The lawsuit, filed by five people with the alias Arthur Doe, Brenda Doe, Carol Doe, Diana Doe and Elizabeth Doe, says in 2003, the U.S. Supreme Court held that the right to engage in certain intimate sexual conduct, historically known as sodomy, is constitutionally protected under the 14th Amendment.

“Despite this clear proclamation made more than a decade ago, Mississippi continues to enforce its criminal statute prohibiting sodomy, titled unnatural intercourse,…by requiring people convicted of unnatural intercourse to register as sex offenders and follow myriad, onerous prescriptions on their everyday life pursuant to Mississippi’s sex offender registry law,” according to the lawsuit filed last month in U.S. District Court in Jackson.

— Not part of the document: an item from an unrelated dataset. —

(* Under the standing assumptions below, the functional equation $$F(\gamma,x,s)=\sup_{a\in\tilde{\mathcal A}(x,s)}\inf_{\lambda\in\mathbb R^I_+}\Big[r(x,a,s)+\sum_{i=1}^I\big(\gamma^ig^i(x,a,s)+\lambda^i(g^i(x,a,s)-\bar g^i)\big)+\beta\mathbb E_sF(\gamma+\lambda,\zeta(x,a,s),s')\Big]$$ has a solution in $\mathcal N$. Moreover, every solution $F\in\mathcal N$ satisfies $F(\gamma,x,s)\le\tilde D(\gamma,x,s)$ for all $(\gamma,x,s)\in\mathbb R^I_+\times\mathcal X\times\mathcal S$.
   Context: Setup. Let $\mathcal S$ be a finite set and $(s_t)_{t\ge0}$ a Markov chain on $\mathcal S$ with transition probabilities $\pi(s'|s)>0$ for all $s,s'$; for $s^t=(s_0,\dots,s_t)$ write $\pi^t(s^t|s_0)$ for its probability and $\mathbb E_{s_t}$ for expectation over future shocks given $s^t$; $\mathbb E_s$ denotes expectation over $s'\sim\pi(\cdot|s)$. Let $\mathcal A\subset\mathbb R^n$ be finite, $\mathcal X\subseteq\mathbb R^m$ countable, $\zeta:\mathcal X\times\mathcal A\times\mathcal S\to\mathcal X$, $p:\mathcal X\times\mathcal A\times\mathcal S\to\mathbb R$, $r,g^1,\dots,g^I$ bounded real functions on $\mathcal X\times\mathcal A\times\mathcal S$, $\bar g^i\in\mathbb R$, $\beta\in(0,1)$. A plan is $a=(a(s^t))_{t,s^t}$, $a(s^t)\in\mathcal A$, inducing $x(s^0)=x_0$, $x(s^{t+1})=\zeta(x(s^t),a(s^t),s_t)$. $\tilde{\mathcal A}(x,s)=\{a:p(x,a,s)\ge0\}$; $\tilde{\mathcal A}^\infty(x_0)$ is the set of plans with $a(s^t)\in\tilde{\mathcal A}(x(s^t),s_t)$ for all $t,s^t$. A plan is feasible for $(x_0,s_0)$ if it lies in $\tilde{\mathcal A}^\infty(x_0)$ and $\mathbb E_{s_t}\sum_{n\ge0}\beta^ng^i(x(s^{t+n}),a(s^{t+n}),s_{t+n})\ge\bar g^i$ for all $t,s^t,i$. Standing assumption: for every $(x_0,s_0)$ a feasible plan exists. $\tilde D$: post-action histories $\tilde h^t=(s_0,a_0,\dots,s_t,a_t)\in\mathcal S^{t+1}\times\mathcal A^{t+1}$; a plan generates $\tilde h^t=(s_0,a(s^0),\dots,s_t,a(s^t))$. $\tilde\Lambda$: families $\lambda^i(\tilde h^t)\ge0$ with $\sum_t\sum_{\tilde h^t}\sum_i\beta^t\lambda^i(\tilde h^t)\pi^t(s^t|s_0)<\infty$. $\tilde L(a,\lambda;\gamma,x_0,s_0)=\mathbb E_{s_0}\sum_t\beta^t\big[r(x(s^t),a(s^t),s_t)+\sum_i\gamma^ig^i(x(s^t),a(s^t),s_t)+\sum_i\lambda^i(\tilde h^t)(\sum_{n\ge0}\beta^ng^i(x(s^{t+n}),a(s^{t+n}),s_{t+n})-\bar g^i)\big]$ and $\tilde D(\gamma,x_0,s_0)=\inf_{\lambda\in\tilde\Lambda}\sup_{a\in\tilde{\mathcal A}^\infty(x_0)}\tilde L$. Function spaces. $L=(\|r\|_\infty+\sum_i\|g^i\|_\infty)/(1-\beta)$, $B(k)=\{\gamma\in\mathbb R^I_+:\|\gamma\|_\infty\le k\}$, $\mathcal S=\{s_1,\dots,s_{|\mathcal S|}\}$, $\mathcal X=\{x_1,x_2,\dots\}$. $\mathcal M$: functions $F:\mathbb R^I_+\times\mathcal X\times\mathcal S\to\mathbb R$ with $F(\cdot,x,s)\in L^\infty(B(k))$ for all $k$ and $\|F\|_{\mathcal M}=\sum_i2^{-i}\sum_j2^{-j}\sum_{k\ge1}2^{-k}\|F(\cdot,x_j,s_i)\|_{L^\infty(B(k))}<\infty$. $\mathcal N$: those $F\in\mathcal M$ with, for all $x,s$, (i) $F(\cdot,x,s)$ convex; (ii) $|F(\gamma_1,x,s)-F(\gamma_2,x,s)|\le L\|\gamma_1-\gamma_2\|_1$; (iii) $F(\gamma,x,s)\ge v^0+\sum_i\gamma^iv^i$ for every feasible plan for $(x,s)$, $v^0=\mathbb E_s\sum_t\beta^tr(\cdot)$, $v^i=\mathbb E_s\sum_t\beta^tg^i(\cdot)$; (iv) $F(\gamma,x,s)\le(1+\sum_i\gamma^i)L$. *)

theory Defs
  imports "HOL-Analysis.Analysis" "HOL-Probability.Essential_Supremum"
begin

The unnatural sex law says: “Every person who shall be convicted of the detestable and abominable crime against nature committed with mankind or with a beast, shall be punished by imprisonment in the penitentiary for a term of not more than ten years.”

The lawsuit seeks to prevent enforcement of the law. It seeks an injunction compelling the state to remove the plaintiffs from the sex offender registry, expunge all records signaling their past inclusion, and/or enjoining the state from administering and enforcing the registry law. In addition, the plaintiffs seeks attorney fees and costs

“Registration as a sex offender burdens almost every aspect of daily life. Plaintiffs – all of whom are required to register only for convictions under Mississippi’s Unnatural Intercourse Statute or an out-of-state conviction Mississippi deems analogous – suffer significant restrictions on their public and personal lives through Mississippi’s plainly unconstitutional conduct. Plaintiffs move for summary judgment and injunctive relief to stop Mississippi from enforcing its unconstitutional sodomy prohibition and to remove the Unnatural Intercourse statute or any purportedly analogous out-of-state law as offenses subject to the MSOR.”

The lawsuit names Attorney General Jim Hood as one of the defendants.

“Our office will defend the constitutionality of our sex offender registry. The individual plaintiff cases will be fact specific, requiring a lengthy analysis of each case. The registry is a vital safety tool for Mississippi families,” Hood said Wednesday in a statement.

Local Jackson attorney Rob McDuff, joined by the New York-based Center for Constitutional Rights, and Los Angeles attorney Matthew Stugar, filed the lawsuit on behalf of individuals charged with violating the law.

” The Supreme Court unequivocally declared this kind of “sodomy” statute unconstitutional thirteen years ago, in 2003. The Court in Lawrence v. Texas pointed out that the mere existence of sodomy statutes is an invitation to subject the LGBT community to discrimination both in the public and private spheres,” said Center for Constitutional Rights Senior Staff Attorney Ghita Schwarz. “And yet, 13 years later, Mississippi still has an Unnatural Intercourse statute on the books, and still enforces that statute by requiring people with those convictions, or those from out-of-state it deems “equivalent,” to register as sex offenders for 25 years, a devastating consequence that causes enormous financial and social burdens. Mississippi’s Unnatural Intercourse statute and the requirement that those with UI convictions register are unconstitutional, and they must be invalidated.”

The lawsuit says Mississippi’s unnatural intercourse law is indistinguishable from Georgia and Texas laws declared unconstitutional by the U.S. Supreme Court in the 2003 ruling.

McDuff says in court papers the Mississippi imposes sex offender registration not only on individuals convicted under the state law, but also for out-of-state crimes that have sodomy as an element of the conviction.

In the state’s answer to the lawsuit, Special Assistant Attorney General Paul Barnes has asked for an order dismissing the lawsuit with prejudice, meaning it can’t be brought back up, and at plaintiffs’ sole cost.